(Collected data)
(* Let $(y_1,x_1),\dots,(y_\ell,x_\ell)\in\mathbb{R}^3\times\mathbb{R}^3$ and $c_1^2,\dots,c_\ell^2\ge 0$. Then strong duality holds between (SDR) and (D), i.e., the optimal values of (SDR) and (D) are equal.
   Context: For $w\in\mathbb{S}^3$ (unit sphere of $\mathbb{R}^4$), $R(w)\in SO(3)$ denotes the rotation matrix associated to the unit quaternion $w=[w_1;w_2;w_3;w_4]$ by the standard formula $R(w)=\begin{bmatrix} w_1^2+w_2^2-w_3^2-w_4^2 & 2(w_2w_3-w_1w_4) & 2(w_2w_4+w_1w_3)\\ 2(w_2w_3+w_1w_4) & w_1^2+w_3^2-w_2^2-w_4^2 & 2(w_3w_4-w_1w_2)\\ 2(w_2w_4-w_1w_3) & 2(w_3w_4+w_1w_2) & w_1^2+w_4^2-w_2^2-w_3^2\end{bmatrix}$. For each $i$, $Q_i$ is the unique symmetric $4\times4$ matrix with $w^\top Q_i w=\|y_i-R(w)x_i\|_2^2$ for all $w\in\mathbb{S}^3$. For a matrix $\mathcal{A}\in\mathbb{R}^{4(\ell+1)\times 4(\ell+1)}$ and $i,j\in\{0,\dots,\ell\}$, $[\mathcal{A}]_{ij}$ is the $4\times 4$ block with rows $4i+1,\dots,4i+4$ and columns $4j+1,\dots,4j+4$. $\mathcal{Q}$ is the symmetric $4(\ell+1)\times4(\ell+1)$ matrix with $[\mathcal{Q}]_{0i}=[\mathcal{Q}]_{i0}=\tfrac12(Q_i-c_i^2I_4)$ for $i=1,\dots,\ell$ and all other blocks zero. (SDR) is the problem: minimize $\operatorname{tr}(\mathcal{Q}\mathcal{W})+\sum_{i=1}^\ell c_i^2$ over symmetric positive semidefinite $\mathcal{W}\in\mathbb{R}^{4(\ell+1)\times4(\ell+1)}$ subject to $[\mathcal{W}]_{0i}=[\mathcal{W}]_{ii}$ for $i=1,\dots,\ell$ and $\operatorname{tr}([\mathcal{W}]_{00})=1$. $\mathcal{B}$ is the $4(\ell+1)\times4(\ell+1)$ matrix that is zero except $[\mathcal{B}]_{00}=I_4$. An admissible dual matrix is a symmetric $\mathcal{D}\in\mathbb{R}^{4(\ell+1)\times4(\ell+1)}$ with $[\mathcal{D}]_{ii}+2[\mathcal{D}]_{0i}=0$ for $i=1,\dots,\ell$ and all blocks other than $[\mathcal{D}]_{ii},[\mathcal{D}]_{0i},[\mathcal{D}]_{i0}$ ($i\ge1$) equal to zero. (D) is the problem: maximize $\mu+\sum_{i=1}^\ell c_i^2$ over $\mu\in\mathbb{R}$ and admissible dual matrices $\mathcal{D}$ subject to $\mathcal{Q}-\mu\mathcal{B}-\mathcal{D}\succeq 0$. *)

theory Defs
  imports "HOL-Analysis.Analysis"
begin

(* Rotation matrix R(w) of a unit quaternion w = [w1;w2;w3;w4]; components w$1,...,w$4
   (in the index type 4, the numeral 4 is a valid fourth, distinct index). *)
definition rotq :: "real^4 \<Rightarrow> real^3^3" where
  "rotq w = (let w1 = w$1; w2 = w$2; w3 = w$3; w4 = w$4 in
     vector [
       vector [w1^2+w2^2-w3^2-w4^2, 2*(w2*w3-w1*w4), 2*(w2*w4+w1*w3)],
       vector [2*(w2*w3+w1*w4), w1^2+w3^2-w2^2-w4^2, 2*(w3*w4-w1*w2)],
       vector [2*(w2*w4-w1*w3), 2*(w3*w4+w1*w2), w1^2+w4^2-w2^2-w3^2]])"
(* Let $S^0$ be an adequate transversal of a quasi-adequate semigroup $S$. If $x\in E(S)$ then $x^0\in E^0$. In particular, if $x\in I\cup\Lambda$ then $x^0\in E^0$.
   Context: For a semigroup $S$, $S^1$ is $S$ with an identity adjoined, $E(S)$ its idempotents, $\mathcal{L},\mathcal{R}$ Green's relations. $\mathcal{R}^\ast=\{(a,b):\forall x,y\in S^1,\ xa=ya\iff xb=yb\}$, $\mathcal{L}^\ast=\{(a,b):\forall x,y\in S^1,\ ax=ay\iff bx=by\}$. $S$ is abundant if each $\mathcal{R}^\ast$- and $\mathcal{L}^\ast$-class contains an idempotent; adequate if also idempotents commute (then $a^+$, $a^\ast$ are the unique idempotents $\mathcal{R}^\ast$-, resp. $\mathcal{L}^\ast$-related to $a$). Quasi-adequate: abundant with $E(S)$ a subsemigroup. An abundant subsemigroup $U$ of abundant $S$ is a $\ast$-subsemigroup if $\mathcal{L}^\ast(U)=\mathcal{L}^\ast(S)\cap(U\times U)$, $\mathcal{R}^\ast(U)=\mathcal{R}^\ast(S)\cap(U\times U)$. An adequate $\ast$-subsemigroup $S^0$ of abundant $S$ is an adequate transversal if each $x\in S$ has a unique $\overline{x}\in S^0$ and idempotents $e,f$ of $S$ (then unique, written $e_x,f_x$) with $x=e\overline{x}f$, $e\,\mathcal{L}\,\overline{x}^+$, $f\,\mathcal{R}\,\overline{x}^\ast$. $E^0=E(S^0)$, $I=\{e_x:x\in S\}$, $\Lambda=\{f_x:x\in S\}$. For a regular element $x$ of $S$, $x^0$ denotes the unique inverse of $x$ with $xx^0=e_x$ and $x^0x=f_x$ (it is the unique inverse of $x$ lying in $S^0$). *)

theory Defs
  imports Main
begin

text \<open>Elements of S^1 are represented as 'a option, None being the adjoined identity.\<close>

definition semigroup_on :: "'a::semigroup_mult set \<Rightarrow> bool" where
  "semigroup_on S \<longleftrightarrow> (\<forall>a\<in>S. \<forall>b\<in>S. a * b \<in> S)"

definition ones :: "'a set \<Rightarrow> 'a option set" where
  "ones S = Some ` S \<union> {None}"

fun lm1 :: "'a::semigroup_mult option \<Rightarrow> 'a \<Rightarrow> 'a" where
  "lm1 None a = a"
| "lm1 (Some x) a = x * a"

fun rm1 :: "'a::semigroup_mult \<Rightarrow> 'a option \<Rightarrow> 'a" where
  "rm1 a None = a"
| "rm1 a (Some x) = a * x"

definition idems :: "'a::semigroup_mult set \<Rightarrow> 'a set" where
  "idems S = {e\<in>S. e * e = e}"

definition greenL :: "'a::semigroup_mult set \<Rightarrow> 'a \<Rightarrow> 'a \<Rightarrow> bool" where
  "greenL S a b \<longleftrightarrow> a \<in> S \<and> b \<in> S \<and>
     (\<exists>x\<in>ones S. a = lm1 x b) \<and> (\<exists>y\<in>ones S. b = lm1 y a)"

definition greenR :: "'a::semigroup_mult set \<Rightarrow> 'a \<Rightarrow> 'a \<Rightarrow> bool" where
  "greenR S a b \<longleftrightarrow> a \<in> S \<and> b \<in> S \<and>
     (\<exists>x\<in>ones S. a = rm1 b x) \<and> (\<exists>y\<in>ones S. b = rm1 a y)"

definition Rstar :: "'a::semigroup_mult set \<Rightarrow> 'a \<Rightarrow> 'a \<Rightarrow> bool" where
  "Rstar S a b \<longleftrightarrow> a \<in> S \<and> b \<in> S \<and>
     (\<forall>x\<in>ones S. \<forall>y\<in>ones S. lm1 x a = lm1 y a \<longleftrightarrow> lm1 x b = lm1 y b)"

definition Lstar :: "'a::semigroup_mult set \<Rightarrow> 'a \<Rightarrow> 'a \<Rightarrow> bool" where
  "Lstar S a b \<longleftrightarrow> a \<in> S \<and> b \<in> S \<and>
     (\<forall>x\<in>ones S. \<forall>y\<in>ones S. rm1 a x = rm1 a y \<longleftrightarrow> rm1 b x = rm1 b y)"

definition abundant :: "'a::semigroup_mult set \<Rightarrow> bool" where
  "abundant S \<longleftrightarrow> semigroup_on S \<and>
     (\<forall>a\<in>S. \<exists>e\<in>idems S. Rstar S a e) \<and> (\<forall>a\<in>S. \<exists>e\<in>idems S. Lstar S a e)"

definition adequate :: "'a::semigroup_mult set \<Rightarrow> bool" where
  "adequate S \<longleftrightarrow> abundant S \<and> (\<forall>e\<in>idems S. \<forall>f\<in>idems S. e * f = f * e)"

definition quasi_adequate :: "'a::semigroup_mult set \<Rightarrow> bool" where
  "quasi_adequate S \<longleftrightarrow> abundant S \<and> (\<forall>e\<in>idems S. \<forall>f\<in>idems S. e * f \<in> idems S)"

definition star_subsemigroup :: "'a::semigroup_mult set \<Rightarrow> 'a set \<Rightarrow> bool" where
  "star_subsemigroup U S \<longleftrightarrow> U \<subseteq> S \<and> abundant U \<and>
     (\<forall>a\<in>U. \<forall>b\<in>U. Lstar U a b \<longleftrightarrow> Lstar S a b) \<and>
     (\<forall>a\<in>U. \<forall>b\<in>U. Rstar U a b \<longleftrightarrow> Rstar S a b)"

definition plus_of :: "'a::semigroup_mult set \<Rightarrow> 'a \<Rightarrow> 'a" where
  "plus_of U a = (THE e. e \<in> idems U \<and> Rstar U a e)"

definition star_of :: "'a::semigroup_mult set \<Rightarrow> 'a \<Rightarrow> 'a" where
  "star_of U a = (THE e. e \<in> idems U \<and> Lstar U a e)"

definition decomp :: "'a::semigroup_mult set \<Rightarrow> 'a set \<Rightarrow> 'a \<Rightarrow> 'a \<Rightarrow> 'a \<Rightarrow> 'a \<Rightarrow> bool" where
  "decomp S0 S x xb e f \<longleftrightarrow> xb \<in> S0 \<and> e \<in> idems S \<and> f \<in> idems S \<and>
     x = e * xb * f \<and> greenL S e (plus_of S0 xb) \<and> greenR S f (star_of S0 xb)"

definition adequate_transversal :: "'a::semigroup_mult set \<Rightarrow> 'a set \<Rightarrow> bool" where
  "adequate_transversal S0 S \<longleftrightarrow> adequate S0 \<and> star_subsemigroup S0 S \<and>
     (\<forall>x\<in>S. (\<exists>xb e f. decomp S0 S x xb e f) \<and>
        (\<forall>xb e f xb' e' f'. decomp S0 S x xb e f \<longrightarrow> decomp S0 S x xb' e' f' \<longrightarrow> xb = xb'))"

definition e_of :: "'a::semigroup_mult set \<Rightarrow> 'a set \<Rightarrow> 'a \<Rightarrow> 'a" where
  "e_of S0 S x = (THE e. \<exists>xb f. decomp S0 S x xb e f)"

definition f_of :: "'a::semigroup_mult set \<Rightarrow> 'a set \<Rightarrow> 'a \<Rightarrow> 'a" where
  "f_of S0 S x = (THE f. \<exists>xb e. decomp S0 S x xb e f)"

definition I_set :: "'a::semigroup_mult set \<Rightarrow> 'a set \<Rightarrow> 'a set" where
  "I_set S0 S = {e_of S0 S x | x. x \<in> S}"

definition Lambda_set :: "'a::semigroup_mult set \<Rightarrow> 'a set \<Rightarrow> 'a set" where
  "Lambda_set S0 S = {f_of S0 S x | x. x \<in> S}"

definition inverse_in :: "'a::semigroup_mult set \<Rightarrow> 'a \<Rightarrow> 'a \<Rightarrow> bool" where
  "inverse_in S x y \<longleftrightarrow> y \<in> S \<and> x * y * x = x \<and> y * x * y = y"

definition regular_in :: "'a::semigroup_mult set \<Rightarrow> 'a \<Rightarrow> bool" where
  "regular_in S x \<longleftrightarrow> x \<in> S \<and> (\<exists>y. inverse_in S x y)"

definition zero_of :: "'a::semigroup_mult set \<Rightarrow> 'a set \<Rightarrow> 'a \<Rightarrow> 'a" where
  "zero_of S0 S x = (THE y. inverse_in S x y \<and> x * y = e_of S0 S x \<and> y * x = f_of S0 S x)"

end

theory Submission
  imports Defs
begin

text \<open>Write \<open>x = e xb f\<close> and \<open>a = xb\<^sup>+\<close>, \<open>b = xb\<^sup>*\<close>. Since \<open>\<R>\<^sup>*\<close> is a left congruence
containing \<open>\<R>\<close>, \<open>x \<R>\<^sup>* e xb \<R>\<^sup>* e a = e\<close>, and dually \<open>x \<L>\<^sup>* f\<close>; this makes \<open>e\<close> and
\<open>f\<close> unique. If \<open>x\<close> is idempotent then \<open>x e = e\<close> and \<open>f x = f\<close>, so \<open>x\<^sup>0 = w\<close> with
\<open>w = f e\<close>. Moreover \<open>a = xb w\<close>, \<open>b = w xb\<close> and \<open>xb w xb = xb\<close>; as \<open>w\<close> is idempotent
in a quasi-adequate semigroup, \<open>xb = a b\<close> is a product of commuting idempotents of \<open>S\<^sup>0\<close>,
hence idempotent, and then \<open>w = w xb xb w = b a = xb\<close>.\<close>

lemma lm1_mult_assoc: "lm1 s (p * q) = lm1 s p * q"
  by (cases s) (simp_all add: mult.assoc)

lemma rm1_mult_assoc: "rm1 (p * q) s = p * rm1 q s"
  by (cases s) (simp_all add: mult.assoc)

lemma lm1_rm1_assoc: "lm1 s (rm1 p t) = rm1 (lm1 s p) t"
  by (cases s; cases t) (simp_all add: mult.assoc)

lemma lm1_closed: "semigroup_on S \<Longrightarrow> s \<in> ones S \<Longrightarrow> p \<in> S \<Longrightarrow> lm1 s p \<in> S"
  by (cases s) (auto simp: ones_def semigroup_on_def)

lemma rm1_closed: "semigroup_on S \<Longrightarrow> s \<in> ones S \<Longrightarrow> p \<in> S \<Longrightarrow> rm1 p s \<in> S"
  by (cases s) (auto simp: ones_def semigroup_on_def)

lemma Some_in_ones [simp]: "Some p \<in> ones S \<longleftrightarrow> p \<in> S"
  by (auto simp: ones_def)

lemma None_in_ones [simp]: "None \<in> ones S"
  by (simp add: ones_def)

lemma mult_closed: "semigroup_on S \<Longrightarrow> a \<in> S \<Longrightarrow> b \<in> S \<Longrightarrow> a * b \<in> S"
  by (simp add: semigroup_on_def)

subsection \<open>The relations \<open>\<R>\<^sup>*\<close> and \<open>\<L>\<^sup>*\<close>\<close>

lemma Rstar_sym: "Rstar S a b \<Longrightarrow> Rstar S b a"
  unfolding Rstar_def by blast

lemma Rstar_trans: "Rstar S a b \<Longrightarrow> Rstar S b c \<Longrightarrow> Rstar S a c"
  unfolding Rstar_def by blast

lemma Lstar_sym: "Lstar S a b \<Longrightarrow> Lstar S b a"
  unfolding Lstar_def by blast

Work task: Please give an exact copy of the lines above, beginning with the line containing "theory Submission" and running through the line containing "subsection \<open>The relations", and of no other lines.

Response to the exercise:
theory Submission
  imports Defs
begin

text \<open>Write \<open>x = e xb f\<close> and \<open>a = xb\<^sup>+\<close>, \<open>b = xb\<^sup>*\<close>. Since \<open>\<R>\<^sup>*\<close> is a left congruence
containing \<open>\<R>\<close>, \<open>x \<R>\<^sup>* e xb \<R>\<^sup>* e a = e\<close>, and dually \<open>x \<L>\<^sup>* f\<close>; this makes \<open>e\<close> and
\<open>f\<close> unique. If \<open>x\<close> is idempotent then \<open>x e = e\<close> and \<open>f x = f\<close>, so \<open>x\<^sup>0 = w\<close> with
\<open>w = f e\<close>. Moreover \<open>a = xb w\<close>, \<open>b = w xb\<close> and \<open>xb w xb = xb\<close>; as \<open>w\<close> is idempotent
in a quasi-adequate semigroup, \<open>xb = a b\<close> is a product of commuting idempotents of \<open>S\<^sup>0\<close>,
hence idempotent, and then \<open>w = w xb xb w = b a = xb\<close>.\<close>

lemma lm1_mult_assoc: "lm1 s (p * q) = lm1 s p * q"
  by (cases s) (simp_all add: mult.assoc)

lemma rm1_mult_assoc: "rm1 (p * q) s = p * rm1 q s"
  by (cases s) (simp_all add: mult.assoc)

lemma lm1_rm1_assoc: "lm1 s (rm1 p t) = rm1 (lm1 s p) t"
  by (cases s; cases t) (simp_all add: mult.assoc)

lemma lm1_closed: "semigroup_on S \<Longrightarrow> s \<in> ones S \<Longrightarrow> p \<in> S \<Longrightarrow> lm1 s p \<in> S"
  by (cases s) (auto simp: ones_def semigroup_on_def)

lemma rm1_closed: "semigroup_on S \<Longrightarrow> s \<in> ones S \<Longrightarrow> p \<in> S \<Longrightarrow> rm1 p s \<in> S"
  by (cases s) (auto simp: ones_def semigroup_on_def)

lemma Some_in_ones [simp]: "Some p \<in> ones S \<longleftrightarrow> p \<in> S"
  by (auto simp: ones_def)

lemma None_in_ones [simp]: "None \<in> ones S"
  by (simp add: ones_def)

lemma mult_closed: "semigroup_on S \<Longrightarrow> a \<in> S \<Longrightarrow> b \<in> S \<Longrightarrow> a * b \<in> S"
  by (simp add: semigroup_on_def)

subsection \<open>The relations \<open>\<R>\<^sup>*\<close> and \<open>\<L>\<^sup>*\<close>\<close>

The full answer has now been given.